■ DESCRIPTION OF THE TASK: From the line with "j = sum_list" to the line with "the backward equation", retype every line exactly, including those two, and leave out the rest of the data below.

Records from a data collection
(* There exists an absolute constant $0<c\le\tfrac12$ such that for every $q\in(0,\tfrac12)$, every positive integer $m$ and every integer $n>1$, \[ \mathbb{P}(\tau'_m\ge n^2)\ge 1-e^{-cm/n}. \]
   Context: Fix $q\in(0,1/2)$. Let $Y_1,Y_2,\dots$ be i.i.d. with $\mathbb{P}(Y_i=1)=\mathbb{P}(Y_i=-1)=q$ and $\mathbb{P}(Y_i=0)=1-2q$, and $T_j=Y_1+\cdots+Y_j$ (the lazy simple random walk with parameter $q$). For a nonzero integer $m$, $\tau'_m$ is the smallest positive integer $t$ with $T_t=m$. *)

theory Defs
  imports "HOL-Probability.Probability"
begin

text \<open>Step distribution of the lazy simple random walk with parameter q:
  P(Y=1) = P(Y=-1) = q, P(Y=0) = 1 - 2q (meaningful for 0 < q < 1/2).\<close>
definition lazy_step :: "real \<Rightarrow> int pmf" where
  "lazy_step q = embed_pmf (\<lambda>x::int. if x = 1 \<or> x = -1 then q else if x = 0 then 1 - 2*q else 0)"

text \<open>Probability space of the i.i.d. sequence Y_1, Y_2, ... (stream index 0 is Y_1).\<close>
definition lazy_walk_space :: "real \<Rightarrow> int stream measure" where
  "lazy_walk_space q = stream_space (measure_pmf (lazy_step q))"

definition walk :: "int stream \<Rightarrow> nat \<Rightarrow> int" where
  "walk \<omega> j = sum_list (stake j \<omega>)"

definition hit_time :: "int \<Rightarrow> int stream \<Rightarrow> enat" where
  "hit_time m \<omega> = (if \<exists>t>0. walk \<omega> t = m
                    then enat (LEAST t. t > 0 \<and> walk \<omega> t = m) else \<infinity>)"

end

theory Submission
  imports Defs
begin

text \<open>The event contains \<open>{T\<^sub>t < m for all t \<le> n\<^sup>2 - 1}\<close>. As a function of the horizon
  \<open>k\<close> and the level \<open>a\<close>, the probability that the walk stays below \<open>a\<close> up to time \<open>k\<close> satisfies
  the backward equation of the lazy walk killed on reaching the level, hence dominates every
  subsolution of that equation (a discrete maximum principle). For \<open>m \<le> n\<close> a truncated sine
  eigenfunction on \<open>{0..4n}\<close> gives the bound \<open>m / (8n)\<close>; for \<open>m \<ge> n\<close> an exponential
  eigenfunction of rate \<open>1 / (2n)\<close> gives \<open>1 - exp (1/4 - m / (2n))\<close>. Both are at least
  \<open>1 - exp (- m / (8n))\<close>, so \<open>c = 1/8\<close> works.\<close>

lemma pmf_lazy_step:
  assumes "0 \<le> q" "q \<le> 1/2"
  shows "pmf (lazy_step q) x = (if x = 1 \<or> x = -1 then q else if x = 0 then 1 - 2*q else 0)"
proof -
  define f :: "int \<Rightarrow> real"
    where "f y = (if y = 1 \<or> y = -1 then q else if y = 0 then 1 - 2*q else 0)" for y
  have nonneg: "0 \<le> f y" for y
    using assms by (simp add: f_def)
  have "(\<integral>\<^sup>+y. ennreal (f y) \<partial>count_space UNIV) = (\<Sum>y\<in>{-1,0,1}. ennreal (f y))"
    by (rule nn_integral_count_space') (auto simp: f_def)
  also have "\<dots> = ennreal (\<Sum>y\<in>{-1,0,1}. f y)"
    using nonneg by simp
  also have "(\<Sum>y\<in>{-1,0,1::int}. f y) = 1"
    by (simp add: f_def)
  finally show ?thesis
    using pmf_embed_pmf[of f] nonneg unfolding lazy_step_def f_def by simp
qed

lemma set_pmf_lazy_step:
  assumes "0 \<le> q" "q \<le> 1/2"
  shows "set_pmf (lazy_step q) \<subseteq> {-1, 0, 1}"
  using pmf_lazy_step[OF assms] by (auto simp: set_pmf_eq)

lemma nn_integral_lazy_step:
  assumes "0 \<le> q" "q \<le> 1/2" and nonneg: "\<And>y. 0 \<le> f y"
  shows "(\<integral>\<^sup>+y. ennreal (f y) \<partial>lazy_step q) = ennreal (q * f (-1) + (1 - 2*q) * f 0 + q * f 1)"
proof -
  have "(\<integral>\<^sup>+y. ennreal (f y) \<partial>lazy_step q) = (\<Sum>y\<in>{-1,0,1}. ennreal (f y) * pmf (lazy_step q) y)"
    using set_pmf_lazy_step[OF assms(1,2)] by (intro nn_integral_measure_pmf_support) auto
  also have "\<dots> = ennreal (\<Sum>y\<in>{-1,0,1}. f y * pmf (lazy_step q) y)"
    using nonneg by (simp add: ennreal_mult)
  also have "(\<Sum>y\<in>{-1,0,1::int}. f y * pmf (lazy_step q) y) = q * f (-1) + (1 - 2*q) * f 0 + q * f 1"
    using assms by (simp add: pmf_lazy_step)
  finally show ?thesis .
qed

lemma prob_space_lazy_walk_space: "prob_space (lazy_walk_space q)"
  unfolding lazy_walk_space_def
  by (rule prob_space.prob_space_stream_space) (rule prob_space_measure_pmf)

lemma space_lazy_walk_space [simp]: "space (lazy_walk_space q) = UNIV"
  by (simp add: lazy_walk_space_def space_stream_space)

lemma walk_0 [simp]: "walk \<omega> 0 = 0"
  by (simp add: walk_def)

lemma walk_Suc_Cons [simp]: "walk (y ## \<omega>) (Suc t) = y + walk \<omega> t"
  by (simp add: walk_def)

lemma measurable_walk [measurable]:
  "(\<lambda>\<omega>. walk \<omega> t) \<in> stream_space (measure_pmf p) \<rightarrow>\<^sub>M count_space UNIV"
  unfolding walk_def by measurable

definition stays_below :: "nat \<Rightarrow> int \<Rightarrow> int stream set" where
  "stays_below K a = {\<omega>. \<forall>t\<le>K. walk \<omega> t < a}"

lemma sets_stays_below [measurable]: "stays_below K a \<in> sets (stream_space (measure_pmf p))"
proof -
  have "stays_below K a = {\<omega> \<in> space (stream_space (measure_pmf p)). \<forall>t\<le>K. walk \<omega> t < a}"
    by (auto simp: stays_below_def space_stream_space)
  also have "\<dots> \<in> sets (stream_space (measure_pmf p))"
    by measurable
  finally show ?thesis .
qed

lemma stays_below_0: "stays_below 0 a = (if 0 < a then UNIV else {})"
  by (auto simp: stays_below_def)

lemma Cons_in_stays_below_Suc:
  "y ## \<omega> \<in> stays_below (Suc K) a \<longleftrightarrow> 0 < a \<and> \<omega> \<in> stays_below K (a - y)"
  unfolding stays_below_def mem_Collect_eq less_Suc_eq_le[symmetric] All_less_Suc2
  by (simp add: less_diff_eq add.commute)

lemma emeasure_stays_below_Suc:
  fixes p :: "int pmf"
  defines "S \<equiv> stream_space (measure_pmf p)"
  shows "emeasure S (stays_below (Suc K) a) =
    (if 0 < a then \<integral>\<^sup>+y. emeasure S (stays_below K (a - y)) \<partial>p else 0)"
proof -
  have "emeasure S (stays_below (Suc K) a) =
      (\<integral>\<^sup>+y. emeasure S {\<omega> \<in> space S. y ## \<omega> \<in> stays_below (Suc K) a} \<partial>p)"
    unfolding S_def
    by (rule prob_space.emeasure_stream_space[OF prob_space_measure_pmf sets_stays_below])
  then show ?thesis
    by (simp add: Cons_in_stays_below_Suc S_def space_stream_space)
qed

definition survival :: "real \<Rightarrow> nat \<Rightarrow> int \<Rightarrow> real" where
  "survival q K a = measure (lazy_walk_space q) (stays_below K a)"

lemma survival_nonneg: "0 \<le> survival q K a"
  by (simp add: survival_def)

lemma survival_0: "survival q 0 a = (if 0 < a then 1 else 0)"
proof -
  interpret prob_space "lazy_walk_space q"
    by (rule prob_space_lazy_walk_space)
  show ?thesis
    using prob_space by (simp add: survival_def stays_below_0)
qed
lemma Z_convex_common_row_or_column:
  assumes "Z_convex P" "a \<in> P" "c \<in> P" "fst a < fst c" "snd c < snd a"
  shows "(\<exists>r. (fst a, r) \<in> P \<and> (fst c, r) \<in> P) \<or>
         (\<exists>k. (k, snd a) \<in> P \<and> (k, snd c) \<in> P)"
proof -
  obtain p where p: "is_path P p" "hd p = a" "last p = c"
    and monotone: "monotone_path p" and changes: "changes p \<le> 2"
    using assms(1-3) unfolding Z_convex_def by blast
  have "{east, south} \<subseteq> set (steps p)"
    using east_in_steps south_in_steps p assms(4,5) by blast
  moreover have "card (set (steps p)) \<le> card {east, south}"
    using monotone by (simp add: monotone_path_def)
  ultimately have "set (steps p) = {east, south}"
    by (metis card_seteq finite_set)
  then have "(\<exists>r. (fst a, r) \<in> set p \<and> (fst c, r) \<in> set p) \<or>
             (\<exists>k. (k, snd a) \<in> set p \<and> (k, snd c) \<in> set p)"
    using east_south_path_common_row_or_column[of p] p changes
    by (simp add: is_path_def changes_eq_count_changes)
  moreover have "set p \<subseteq> P" using p(1) by (simp add: is_path_def)
  ultimately show ?thesis by blast
qed

lemma finite_column: "finite P \<Longrightarrow> finite {y. (x, y) \<in> P}"
  using finite_vimageI[of P "Pair x"] by (simp add: vimage_def inj_on_def)

lemma finite_row: "finite P \<Longrightarrow> finite {x. (x, y) \<in> P}"
  using finite_vimageI[of P "\<lambda>x. (x, y)"] by (simp add: vimage_def inj_on_def)

lemma convex_polyomino_column_interval:
  "convex_polyomino P \<Longrightarrow> (x, y1) \<in> P \<Longrightarrow> (x, y2) \<in> P \<Longrightarrow> y1 \<le> y \<Longrightarrow> y \<le> y2 \<Longrightarrow> (x, y) \<in> P"
  unfolding convex_polyomino_def by blast

lemma convex_polyomino_row_interval:
  "convex_polyomino P \<Longrightarrow> (x1, y) \<in> P \<Longrightarrow> (x2, y) \<in> P \<Longrightarrow> x1 \<le> x \<Longrightarrow> x \<le> x2 \<Longrightarrow> (x, y) \<in> P"
  unfolding convex_polyomino_def by blast

lemma Z_convex_polyomino: "Z_convex P \<Longrightarrow> convex_polyomino P"
  unfolding Z_convex_def by (rule conjunct1)

lemma convex_polyomino_polyomino: "convex_polyomino P \<Longrightarrow> polyomino P"
  unfolding convex_polyomino_def by (rule conjunct1)

lemma polyomino_finite: "polyomino P \<Longrightarrow> finite P"
  unfolding polyomino_def by (rule conjunct1)

lemma
  assumes "finite P" "c \<in> P"
  shows minx_le: "minx P \<le> fst c" and le_maxx: "fst c \<le> maxx P"
  using assms by (auto simp: minx_def maxx_def)

lemma
  assumes "polyomino P"
  shows minx_column_nonempty: "\<exists>y. (minx P, y) \<in> P"
    and maxx_column_nonempty: "\<exists>y. (maxx P, y) \<in> P"
proof -
  have "finite (fst ` P)" "fst ` P \<noteq> {}"
    using assms by (auto simp: polyomino_def)
  then have "minx P \<in> fst ` P" "maxx P \<in> fst ` P"
    unfolding minx_def maxx_def by (auto intro: Min_in Max_in)
  then show "\<exists>y. (minx P, y) \<in> P" "\<exists>y. (maxx P, y) \<in> P" by force+
qed

lemma
  assumes "polyomino P"
  shows rowX_mem: "(minx P, rowX P) \<in> P" and rowY_mem: "(minx P, rowY P) \<in> P"
    and rowY_le: "(minx P, y) \<in> P \<Longrightarrow> rowY P \<le> y"
proof -
  have "finite {y. (minx P, y) \<in> P}" "{y. (minx P, y) \<in> P} \<noteq> {}"
    using finite_column[OF polyomino_finite[OF assms]] minx_column_nonempty[OF assms] by auto
  then show "(minx P, rowX P) \<in> P" "(minx P, rowY P) \<in> P" "(minx P, y) \<in> P \<Longrightarrow> rowY P \<le> y"
    unfolding rowX_def rowY_def using Max_in Min_in Min_le by auto
qed

lemma rowY_le_rowX: "polyomino P \<Longrightarrow> rowY P \<le> rowX P"
  using rowX_mem rowY_le by blast

lemma colS_mem: "polyomino P \<Longrightarrow> (colS P, rowX P) \<in> P"
  unfolding colS_def
  by (metis (mono_tags) Max_in empty_iff finite_row mem_Collect_eq polyomino_finite rowX_mem)

lemma le_colS: "finite P \<Longrightarrow> (x, rowX P) \<in> P \<Longrightarrow> x \<le> colS P"
  unfolding colS_def by (simp add: finite_row)

lemma le_colT: "finite P \<Longrightarrow> (x, rowY P) \<in> P \<Longrightarrow> x \<le> colT P"
  unfolding colT_def by (simp add: finite_row)

lemma Z_convex_colS_mem_if_right_of_colT_below_rowY:
  assumes "Z_convex P" "(x, y) \<in> P" "colT P < x" "y < rowY P"
  shows "(colS P, y) \<in> P"
proof -
  have convex: "convex_polyomino P" and poly: "polyomino P" and fin: "finite P"
    using assms(1) Z_convex_polyomino convex_polyomino_polyomino polyomino_finite by blast+
  have column_x_below: "r < rowY P" if "(x, r) \<in> P" for r
  proof (rule ccontr)
    assume "\<not> r < rowY P"
    then have "(x, rowY P) \<in> P"
      using convex_polyomino_column_interval[OF convex assms(2) that] assms(4) by simp
    then show False using le_colT[OF fin] assms(3) by fastforce
  qed
  have "minx P \<le> colT P" using le_colT[OF fin rowY_mem[OF poly]] .
  then have "minx P < x" using assms(3) by simp
  moreover have "y < rowX P" using assms(4) rowY_le_rowX[OF poly] by simp
  ultimately consider r where "(minx P, r) \<in> P" "(x, r) \<in> P"
    | k where "(k, rowX P) \<in> P" "(k, y) \<in> P"
    using Z_convex_common_row_or_column[OF assms(1) rowX_mem[OF poly] assms(2)] by auto
  then show ?thesis
  proof cases
    case (1 r)
    then show ?thesis using rowY_le[OF poly] column_x_below by fastforce
  next
    case (2 k)
    show ?thesis
    proof (cases "colS P \<le> x")
      case True
      then show ?thesis
        using convex_polyomino_row_interval[OF convex 2(2) assms(2)] le_colS[OF fin 2(1)] by simp
    next
      case False
      then have "(x, rowX P) \<in> P"
        using convex_polyomino_row_interval[OF convex rowX_mem[OF poly] colS_mem[OF poly]]
          \<open>minx P < x\<close> by simp
      then show ?thesis using column_x_below rowY_le_rowX[OF poly] by fastforce
    qed
  qed
qed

■ WRITTEN SOLUTION:
  "walk \<omega> j = sum_list (stake j \<omega>)"

definition hit_time :: "int \<Rightarrow> int stream \<Rightarrow> enat" where
  "hit_time m \<omega> = (if \<exists>t>0. walk \<omega> t = m
                    then enat (LEAST t. t > 0 \<and> walk \<omega> t = m) else \<infinity>)"

end

theory Submission
  imports Defs
begin

text \<open>The event contains \<open>{T\<^sub>t < m for all t \<le> n\<^sup>2 - 1}\<close>. As a function of the horizon
  \<open>k\<close> and the level \<open>a\<close>, the probability that the walk stays below \<open>a\<close> up to time \<open>k\<close> satisfies
  the backward equation of the lazy walk killed on reaching the level, hence dominates every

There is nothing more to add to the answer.